◆ Work item ◆
Write out the entire listing exactly, so that each line matches the original.
[[ Material supplied open ]]
lemma bij_betw_image_complete_edges:
  assumes "bij_betw f W V"
  shows "bij_betw (image f) (complete_edges W) (complete_edges V)"
proof (rule bij_betw_subset[OF bij_betw_Pow[OF assms]])
  show "complete_edges W \<subseteq> Pow W" unfolding complete_edges_def by auto
  have inj: "inj_on f W" and im: "f ` W = V" using assms by (auto simp: bij_betw_def)
  show "image f ` complete_edges W = complete_edges V"
  proof (intro equalityI subsetI)
    fix e assume "e \<in> image f ` complete_edges W"
    then obtain e0 where "e0 \<in> complete_edges W" "e = f ` e0" by blast
    then obtain a b where ab: "a \<in> W" "b \<in> W" "a \<noteq> b" "e = f ` {a, b}"
      unfolding complete_edges_doubleton by blast
    then have "f a \<in> V" "f b \<in> V" "f a \<noteq> f b"
      using im by (auto simp: inj_on_eq_iff[OF inj])
    then show "e \<in> complete_edges V" unfolding complete_edges_doubleton using ab(4) by auto
  next
    fix e assume "e \<in> complete_edges V"
    then obtain u v where uv: "u \<in> V" "v \<in> V" "u \<noteq> v" "e = {u, v}"
      unfolding complete_edges_doubleton by blast
    then obtain a b where ab: "a \<in> W" "b \<in> W" "u = f a" "v = f b" using im by blast
    moreover from this have "a \<noteq> b" using uv(3) by auto
    ultimately have "{a, b} \<in> complete_edges W" unfolding complete_edges_doubleton by blast
    moreover have "e = f ` {a, b}" using uv(4) ab by simp
    ultimately show "e \<in> image f ` complete_edges W" by blast
  qed
qed
text \<open>The substitution \<open>x = y\<^sup>2\<close> turns \<open>log_mean\<close> into the integrand above with exponents
  3 and 1.\<close>
lemma has_integral_log_mean: "(log_mean has_integral ln 2) {0..1}"
proof -
  have cont: "continuous_on {0..1} log_mean"
    using continuous_on_log_mean by (rule continuous_on_subset) auto
  have "((\<lambda>y. (2 * y) *\<^sub>R log_mean (y ^ 2)) has_integral integral {0 ^ 2..1 ^ 2} log_mean) {0..1}"
    by (rule has_integral_substitution[OF _ _ _ cont])
      (auto intro!: derivative_eq_intros simp: power_le_one)
  then have substituted: "((\<lambda>y. (2 * y) *\<^sub>R log_mean (y ^ 2)) has_integral integral {0..1} log_mean) {0..1}"
    by simp
  have "((\<lambda>y::real. (y powr 3 - y powr 1) / ln y) has_integral ln ((3 + 1) / (1 + 1))) {0..1}"
    by (rule has_integral_powr_diff_div_ln) simp_all
  moreover have "ln ((3 + 1) / (1 + 1)) = (ln 2 :: real)"
    by simp
  ultimately have "((\<lambda>y::real. (y powr 3 - y powr 1) / ln y) has_integral ln 2) {0..1}"
    by (simp only:)
  then have "((\<lambda>y. (2 * y) *\<^sub>R log_mean (y ^ 2)) has_integral ln 2) {0..1}"
  proof (rule has_integral_spike_finite[rotated 2, where S = "{0, 1}"])
    fix y :: real assume "y \<in> {0..1} - {0, 1}"
    then have y: "0 < y" "y < 1" by auto
    then have "y ^ 2 \<noteq> 1" "ln (y ^ 2) = 2 * ln y" "ln y \<noteq> 0"
      by (simp_all add: power2_eq_1_iff ln_realpow)
    then have "(2 * y) *\<^sub>R log_mean (y ^ 2) = (y * y ^ 2 - y) / ln y"
      by (simp add: log_mean_def field_simps)
    also have "\<dots> = (y powr 3 - y powr 1) / ln y"
      using y by (simp add: powr_numeral power3_eq_cube power2_eq_square)
    finally show "(2 * y) *\<^sub>R log_mean (y ^ 2) = (y powr 3 - y powr 1) / ln y" .
  qed auto
  with substituted have "integral {0..1} log_mean = ln 2"
    by (rule has_integral_unique)
  with cont show ?thesis
    using integrable_integral integrable_continuous_real by metis
qed

lemma has_integral_pow_minus_one_div_ln:
  "((\<lambda>x. (x ^ k - 1) / ln x) has_integral ln (real k + 1)) {0..1}"
proof (cases "k = 0")
  case False
  have "((\<lambda>x. (x powr real k - x powr 1) / ln x + log_mean x) has_integral
      ln ((real k + 1) / 2) + ln 2) {0..1}"
    using has_integral_add[OF has_integral_powr_diff_div_ln[of 1 "real k"] has_integral_log_mean] False
    by simp
  then have "((\<lambda>x. (x powr real k - x powr 1) / ln x + log_mean x) has_integral ln (real k + 1)) {0..1}"
    by (simp add: ln_div)
  then show ?thesis
  proof (rule has_integral_spike_finite[rotated 2])
    fix x :: real assume "x \<in> {0..1} - {0, 1}"
    then show "(x ^ k - 1) / ln x = (x powr real k - x powr 1) / ln x + log_mean x"
      by (simp add: log_mean_def powr_realpow diff_divide_distrib)
  qed auto
qed simp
[[ Material supplied closed ]]
◆ Response ◆
lemma bij_betw_image_complete_edges:
  assumes "bij_betw f W V"
  shows "bij_betw (image f) (complete_edges W) (complete_edges V)"
proof (rule bij_betw_subset[OF bij_betw_Pow[OF assms]])
  show "complete_edges W \<subseteq> Pow W" unfolding complete_edges_def by auto
  have inj: "inj_on f W" and im: "f ` W = V" using assms by (auto simp: bij_betw_def)
  show "image f ` complete_edges W = complete_edges V"
  proof (intro equalityI subsetI)
    fix e assume "e \<in> image f ` complete_edges W"
    then obtain e0 where "e0 \<in> complete_edges W" "e = f ` e0" by blast
    then obtain a b where ab: "a \<in> W" "b \<in> W" "a \<noteq> b" "e = f ` {a, b}"
      unfolding complete_edges_doubleton by blast
    then have "f a \<in> V" "f b \<in> V" "f a \<noteq> f b"
      using im by (auto simp: inj_on_eq_iff[OF inj])
    then show "e \<in> complete_edges V" unfolding complete_edges_doubleton using ab(4) by auto
  next
    fix e assume "e \<in> complete_edges V"
    then obtain u v where uv: "u \<in> V" "v \<in> V" "u \<noteq> v" "e = {u, v}"
      unfolding complete_edges_doubleton by blast
    then obtain a b where ab: "a \<in> W" "b \<in> W" "u = f a" "v = f b" using im by blast
    moreover from this have "a \<noteq> b" using uv(3) by auto
    ultimately have "{a, b} \<in> complete_edges W" unfolding complete_edges_doubleton by blast
    moreover have "e = f ` {a, b}" using uv(4) ab by simp
    ultimately show "e \<in> image f ` complete_edges W" by blast
  qed
qed
text \<open>The substitution \<open>x = y\<^sup>2\<close> turns \<open>log_mean\<close> into the integrand above with exponents
  3 and 1.\<close>
lemma has_integral_log_mean: "(log_mean has_integral ln 2) {0..1}"
proof -
  have cont: "continuous_on {0..1} log_mean"
    using continuous_on_log_mean by (rule continuous_on_subset) auto
  have "((\<lambda>y. (2 * y) *\<^sub>R log_mean (y ^ 2)) has_integral integral {0 ^ 2..1 ^ 2} log_mean) {0..1}"
    by (rule has_integral_substitution[OF _ _ _ cont])
      (auto intro!: derivative_eq_intros simp: power_le_one)
  then have substituted: "((\<lambda>y. (2 * y) *\<^sub>R log_mean (y ^ 2)) has_integral integral {0..1} log_mean) {0..1}"
    by simp
  have "((\<lambda>y::real. (y powr 3 - y powr 1) / ln y) has_integral ln ((3 + 1) / (1 + 1))) {0..1}"
    by (rule has_integral_powr_diff_div_ln) simp_all
  moreover have "ln ((3 + 1) / (1 + 1)) = (ln 2 :: real)"
    by simp
  ultimately have "((\<lambda>y::real. (y powr 3 - y powr 1) / ln y) has_integral ln 2) {0..1}"
    by (simp only:)
  then have "((\<lambda>y. (2 * y) *\<^sub>R log_mean (y ^ 2)) has_integral ln 2) {0..1}"
  proof (rule has_integral_spike_finite[rotated 2, where S = "{0, 1}"])
    fix y :: real assume "y \<in> {0..1} - {0, 1}"
    then have y: "0 < y" "y < 1" by auto
    then have "y ^ 2 \<noteq> 1" "ln (y ^ 2) = 2 * ln y" "ln y \<noteq> 0"
      by (simp_all add: power2_eq_1_iff ln_realpow)
    then have "(2 * y) *\<^sub>R log_mean (y ^ 2) = (y * y ^ 2 - y) / ln y"
      by (simp add: log_mean_def field_simps)
    also have "\<dots> = (y powr 3 - y powr 1) / ln y"
      using y by (simp add: powr_numeral power3_eq_cube power2_eq_square)
    finally show "(2 * y) *\<^sub>R log_mean (y ^ 2) = (y powr 3 - y powr 1) / ln y" .
  qed auto
  with substituted have "integral {0..1} log_mean = ln 2"
    by (rule has_integral_unique)
  with cont show ?thesis
    using integrable_integral integrable_continuous_real by metis
qed

lemma has_integral_pow_minus_one_div_ln:
  "((\<lambda>x. (x ^ k - 1) / ln x) has_integral ln (real k + 1)) {0..1}"
proof (cases "k = 0")
  case False
  have "((\<lambda>x. (x powr real k - x powr 1) / ln x + log_mean x) has_integral
      ln ((real k + 1) / 2) + ln 2) {0..1}"
    using has_integral_add[OF has_integral_powr_diff_div_ln[of 1 "real k"] has_integral_log_mean] False
    by simp
  then have "((\<lambda>x. (x powr real k - x powr 1) / ln x + log_mean x) has_integral ln (real k + 1)) {0..1}"
    by (simp add: ln_div)
  then show ?thesis
  proof (rule has_integral_spike_finite[rotated 2])
    fix x :: real assume "x \<in> {0..1} - {0, 1}"
    then show "(x ^ k - 1) / ln x = (x powr real k - x powr 1) / ln x + log_mean x"
      by (simp add: log_mean_def powr_realpow diff_divide_distrib)
  qed auto
qed simp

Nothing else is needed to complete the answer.